Re: your ridiculous "some animals are more equal than others" claptrap: the reason I gave Google its own line in the license file rather than adding it to CONTRIBUTORS like all of the other copyright holders (myself included) is because Google is not actually a code author, it is a legal entity which happens to own copyright to some of the contributions made by one of the contributors.
The English-language text reads:
Copyright (c) 2009, Snap Framework authors (see CONTRIBUTORS)
Copyright (c) 2010, Google, Inc.
Putting Google in the contributors file would be inaccurate because that list is for people who have put code into the project. It is a difference in categorization and essentially I am saying "the copyright to this code is owned by these people and this corporation".
You are confused. By writing down Google's name rather than your own after the copyright symbol, you are saying that they contributed the work to the project. You are the author, and may have associated moral rights (such as the right to be identified as the author), but it's not your code. It's their code, and they've done the contributing. All you got is the pay check you were going to get anyway.

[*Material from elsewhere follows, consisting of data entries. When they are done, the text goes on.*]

theorem theorem1:
  fixes L L' :: "real \<Rightarrow> real" and xbar :: ereal
    and f fa Fa :: "real \<Rightarrow> real \<Rightarrow> real"
    and c cd cdd :: "real \<Rightarrow> real" and u0 :: real
  assumes xbar_pos: "0 < xbar"
    and L_range: "\<forall>a\<ge>0. 0 \<le> L a \<and> ereal (L a) < xbar"
    and L_mono: "mono_on {0..} L"
    and L_C1: "\<forall>a>0. (L has_real_derivative L' a) (at a)" "continuous_on {0<..} L'"
    and c_nonneg: "\<forall>a\<ge>0. 0 \<le> c a"
    and c_deriv: "\<forall>a\<ge>0. (c has_real_derivative cd a) (at a within {0..})"
    and cd_deriv: "\<forall>a\<ge>0. (cd has_real_derivative cdd a) (at a within {0..})"
    and cd_pos: "\<forall>a\<ge>0. 0 < cd a"
    and cdd_nonneg: "\<forall>a\<ge>0. 0 \<le> cdd a"
    and f_meas: "\<forall>a\<ge>0. (\<lambda>x. f x a) \<in> borel_measurable borel"
    and f_pos: "\<forall>a\<ge>0. \<forall>x\<in>supp L xbar a. 0 < f x a"
    and f_density: "\<forall>a\<ge>0. set_integrable lborel (supp L xbar a) (\<lambda>x. f x a)
                        \<and> set_lebesgue_integral lborel (supp L xbar a) (\<lambda>x. f x a) = 1"
    and f_diff: "\<forall>a>0. \<forall>x\<in>supp L xbar a. ((\<lambda>b. f x b) has_real_derivative fa x a) (at a)"
    and F_diff: "\<forall>a>0. \<forall>x\<in>supp L xbar a. ((\<lambda>b. cdf L f x b) has_real_derivative Fa x a) (at a)"
    and fa_cont: "continuous_on {(x, a). 0 < a \<and> x \<in> supp L xbar a} (\<lambda>(x, a). fa x a)"
    and Fa_cont: "continuous_on {(x, a). 0 < a \<and> x \<in> supp L xbar a} (\<lambda>(x, a). Fa x a)"
    and Fa_neg: "\<forall>a>0. \<forall>x\<in>supp L xbar a. Fa x a < 0"
    and SA_i: "\<forall>a\<ge>0. set_integrable lborel (supp L xbar a) (\<lambda>x. x * f x a)"
              "continuous_on {0..} (mean L xbar f)"
    and SA_ii: "filterlim (\<lambda>a. mean L xbar f a - c a) at_bot at_top"
    and SA_iii: "\<exists>g. continuous_on {0<..} g \<and>
                   (\<forall>a>0. (SUP x\<in>supp L xbar a. ereal (fa x a / f x a)) = ereal (g a))"
    and SA_iv: "\<forall>s a. contract s \<longrightarrow> 0 < a \<longrightarrow> pay L xbar f s a < \<infinity> \<longrightarrow>
                  ((\<lambda>h. set_lebesgue_integral lborel (supp L xbar a)
                           (\<lambda>x. (f x (a + h) - f x a) / h * s x))
                   \<longlongrightarrow> set_lebesgue_integral lborel (supp L xbar a) (\<lambda>x. fa x a * s x))
                  (at_left 0)"
    and u0_nonneg: "0 \<le> u0"
  shows "implementable_set L xbar f c u0 \<subseteq> Jset L xbar f fa c cd u0
    \<and> (\<exists>(a, u)\<in>Jset L xbar f fa c cd u0. \<forall>(a', u')\<in>Jset L xbar f fa c cd u0.
          mean L xbar f a' - c a' - u' \<le> mean L xbar f a - c a - u)
    \<and> (\<forall>a u. (a, u) \<in> Jset L xbar f fa c cd u0 \<longrightarrow>
          (\<forall>(a', u')\<in>Jset L xbar f fa c cd u0.
              mean L xbar f a' - c a' - u' \<le> mean L xbar f a - c a - u) \<longrightarrow>
          (\<forall>s. implements L xbar f c u0 s a u \<longrightarrow> OP_optimal L xbar f c u0 s a))"
proof -
  obtain g where g_cont: "continuous_on {0<..} g"
    and g_sup: "\<forall>a>0. (SUP x\<in>supp L xbar a. ereal (fa x a / f x a)) = ereal (g a)"
    using SA_iii by blast
  have c_pos: "\<forall>a>0. 0 < c a"
    using pos_if_deriv_pos_Ici[OF c_deriv cd_pos] c_nonneg by simp
  have c_cont: "continuous_on {0..} c"
    using c_deriv by (intro DERIV_continuous_on[where D = cd]) auto
  have cd_cont: "continuous_on {0..} cd"
    using cd_deriv by (intro DERIV_continuous_on[where D = cdd]) auto
  have "\<forall>a>0. (c has_real_derivative cd a) (at a)"
    using c_deriv has_real_derivative_at_if_within_Ici[of c _ _ 0] by simp
  moreover have "\<forall>a\<ge>0. 0 \<le> L a" using L_range by simp
  ultimately have relaxed: "implementable_set L xbar f c u0 \<subseteq> Jset L xbar f fa c cd u0"
    using implementable_subset_Jset[OF _ L_mono _ _ c_pos f_meas f_pos g_sup SA_iv u0_nonneg] cd_pos
    by simp
  show ?thesis
    using relaxed OP_optimal_if_implements_relaxed_maximizer[OF relaxed]
      Jset_has_maximizer[OF g_sup g_cont SA_i(2) c_cont cd_cont cd_pos c_pos SA_ii u0_nonneg]
    by blast
qed

end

Actually, no. Contribution and copyright are two different things. In the United States, every word you write is copyright by you. However, you can assign your copy rights to another entity. This allows copyright and authorship to become disjoint, even though they start out as the same thing.
Here is an example: The Apache Software Foundation requires copyright assignment on all contributed work. Developers who contribute code must assign their copyrights to the ASF. Their name is still in the contributor list, because they are a contributor of code. However, the Apache Software Foundation is the sole copyright holder of the works.
The English-language text reads:
Copyright (c) 2009, Snap Framework authors (see CONTRIBUTORS)
Copyright (c) 2010, Google, Inc.
Putting Google in the contributors file would be inaccurate because that list is for people who have put code into the project. It is a difference in categorization and essentially I am saying "the copyright to this code is owned by these people and this corporation".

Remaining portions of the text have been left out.